An exact, word-for-word copy of the entries is required, beginning at the line that contains "(if card C = 0 then" and ending at the last line, both included.

══ INFORMATION SUPPLIED

(* Let $k\ge 2$ and $0<\lambda\le\frac{1}{3k}$, and consider the common-chunk-protocol Markov process with $L_1(\mathbf{x})=\sum_{i=1}^k \bar S_i$. Then there exists $\epsilon>0$ such that $\Delta L_1(\mathbf{x})<-\epsilon$ for every state $\mathbf{x}$ with $S>3k^3$.
   Context: Model: Fix an integer $k\ge 2$ (number of chunks of a file) and $\lambda>0$. There is always exactly one seed holding all $k$ chunks. Non-seed peers arrive according to a Poisson process of rate $\lambda$, each arriving with no chunks; each non-seed peer holds a subset (its profile) of $\{1,\dots,k\}$ and leaves the system immediately once it holds all $k$ chunks. The state $\mathbf{x}$ of the continuous-time Markov process is the number of non-seed peers with each profile. $S$ denotes the total number of peers present, including the seed. Each non-seed peer has an independent rate-1 Poisson clock; at each tick it draws a sample of peers independently and uniformly at random with replacement from the current $S$ peers (seed and itself included) and may instantaneously download at most one chunk that it lacks and that is held by some sampled peer (such a chunk is a "match"). Counting draws with multiplicity, a chunk is "rare" in a sample of 3 draws if exactly one of the 3 draws holds it. Common chunk protocol: (i) a peer with no chunks draws 3 peers and downloads a chunk chosen uniformly among the rare matches, if there is any, otherwise nothing; (ii) a peer holding at least 1 and at most $k-2$ chunks draws 1 peer and downloads a uniformly chosen match, if any, otherwise nothing; (iii) a peer holding exactly $k-1$ chunks draws 3 peers and downloads its missing chunk only if that chunk is held by some draw and every chunk it holds is held by at least 2 of the 3 draws; otherwise nothing. Notation: $S_i$ ($1\le i\le k$) is the number of peers, including the seed, holding chunk $i$; $\bar S_i=S-S_i$. For a function $f$ on the state space, with $q(\mathbf{x},\mathbf{x}')$ the transition rates of the Markov process, the drift is $\Delta f(\mathbf{x})=\sum_{\mathbf{x}'\neq\mathbf{x}} q(\mathbf{x},\mathbf{x}')\,(f(\mathbf{x}')-f(\mathbf{x}))$. *)

theory Defs
  imports "HOL-Analysis.Analysis"
begin

text \<open>A profile is a set of chunks. A state assigns to each
profile the number of non-seed peers holding exactly that profile; only proper
subsets of {1..k} can be occupied (a peer holding all chunks leaves).\<close>

definition chunks :: "nat \<Rightarrow> nat set" where
  "chunks k = {1..k}"

definition valid_state :: "nat \<Rightarrow> (nat set \<Rightarrow> nat) \<Rightarrow> bool" where
  "valid_state k x \<longleftrightarrow> (\<forall>D. \<not> D \<subset> chunks k \<longrightarrow> x D = 0)"

text \<open>Total number of peers, including the seed.\<close>
definition S_tot :: "nat \<Rightarrow> (nat set \<Rightarrow> nat) \<Rightarrow> nat" where
  "S_tot k x = 1 + (\<Sum>D\<in>{D. D \<subset> chunks k}. x D)"

text \<open>Number of peers (including the seed) holding chunk i.\<close>
definition S_chunk :: "nat \<Rightarrow> (nat set \<Rightarrow> nat) \<Rightarrow> nat \<Rightarrow> nat" where
  "S_chunk k x i = 1 + (\<Sum>D\<in>{D. D \<subset> chunks k \<and> i \<in> D}. x D)"

definition L1 :: "nat \<Rightarrow> (nat set \<Rightarrow> nat) \<Rightarrow> real" where
  "L1 k x = (\<Sum>i\<in>chunks k. real (S_tot k x) - real (S_chunk k x i))"

text \<open>Probability that a single uniform draw (with replacement, among all S peers
including the seed and the drawing peer itself) returns a peer with profile D.\<close>
definition draw_w :: "nat \<Rightarrow> (nat set \<Rightarrow> nat) \<Rightarrow> nat set \<Rightarrow> real" where
  "draw_w k x D = (real (x D) + (if D = chunks k then 1 else 0)) / real (S_tot k x)"

definition ind :: "bool \<Rightarrow> nat" where
  "ind b = (if b then 1 else 0)"

definition cnt3 :: "nat set \<Rightarrow> nat set \<Rightarrow> nat set \<Rightarrow> nat \<Rightarrow> nat" where
  "cnt3 D1 D2 D3 i = ind (i \<in> D1) + ind (i \<in> D2) + ind (i \<in> D3)"

text \<open>Probability, per clock tick, that a peer with profile C downloads chunk j
under the common chunk protocol.\<close>
definition dl_prob :: "nat \<Rightarrow> (nat set \<Rightarrow> nat) \<Rightarrow> nat set \<Rightarrow> nat \<Rightarrow> real" where
  "dl_prob k x C j =
    (if card C = 0 then
       (\<Sum>D1\<in>Pow (chunks k). \<Sum>D2\<in>Pow (chunks k). \<Sum>D3\<in>Pow (chunks k).
          draw_w k x D1 * draw_w k x D2 * draw_w k x D3 *
          (let R = {i \<in> chunks k - C. cnt3 D1 D2 D3 i = 1}
           in if j \<in> R then 1 / real (card R) else 0))
     else if card C = k - 1 then
       (\<Sum>D1\<in>Pow (chunks k). \<Sum>D2\<in>Pow (chunks k). \<Sum>D3\<in>Pow (chunks k).
          draw_w k x D1 * draw_w k x D2 * draw_w k x D3 *
          (if j \<in> D1 \<union> D2 \<union> D3 \<and> (\<forall>i\<in>C. cnt3 D1 D2 D3 i \<ge> 2) then 1 else 0))
     else
       (\<Sum>D\<in>Pow (chunks k). draw_w k x D *
          (if j \<in> D - C then 1 / real (card (D - C)) else 0)))"

definition arrive :: "(nat set \<Rightarrow> nat) \<Rightarrow> (nat set \<Rightarrow> nat)" where
  "arrive x = x({} := x {} + 1)"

════

TASK RESULT>
    (if card C = 0 then
       (\<Sum>D1\<in>Pow (chunks k). \<Sum>D2\<in>Pow (chunks k). \<Sum>D3\<in>Pow (chunks k).
          draw_w k x D1 * draw_w k x D2 * draw_w k x D3 *
          (let R = {i \<in> chunks k - C. cnt3 D1 D2 D3 i = 1}
           in if j \<in> R then 1 / real (card R) else 0))
     else if card C = k - 1 then
       (\<Sum>D1\<in>Pow (chunks k). \<Sum>D2\<in>Pow (chunks k). \<Sum>D3\<in>Pow (chunks k).
          draw_w k x D1 * draw_w k x D2 * draw_w k x D3 *
          (if j \<in> D1 \<union> D2 \<union> D3 \<and> (\<forall>i\<in>C. cnt3 D1 D2 D3 i \<ge> 2) then 1 else 0))
     else
       (\<Sum>D\<in>Pow (chunks k). draw_w k x D *
          (if j \<in> D - C then 1 / real (card (D - C)) else 0)))"

definition arrive :: "(nat set \<Rightarrow> nat) \<Rightarrow> (nat set \<Rightarrow> nat)" where
  "arrive x = x({} := x {} + 1)"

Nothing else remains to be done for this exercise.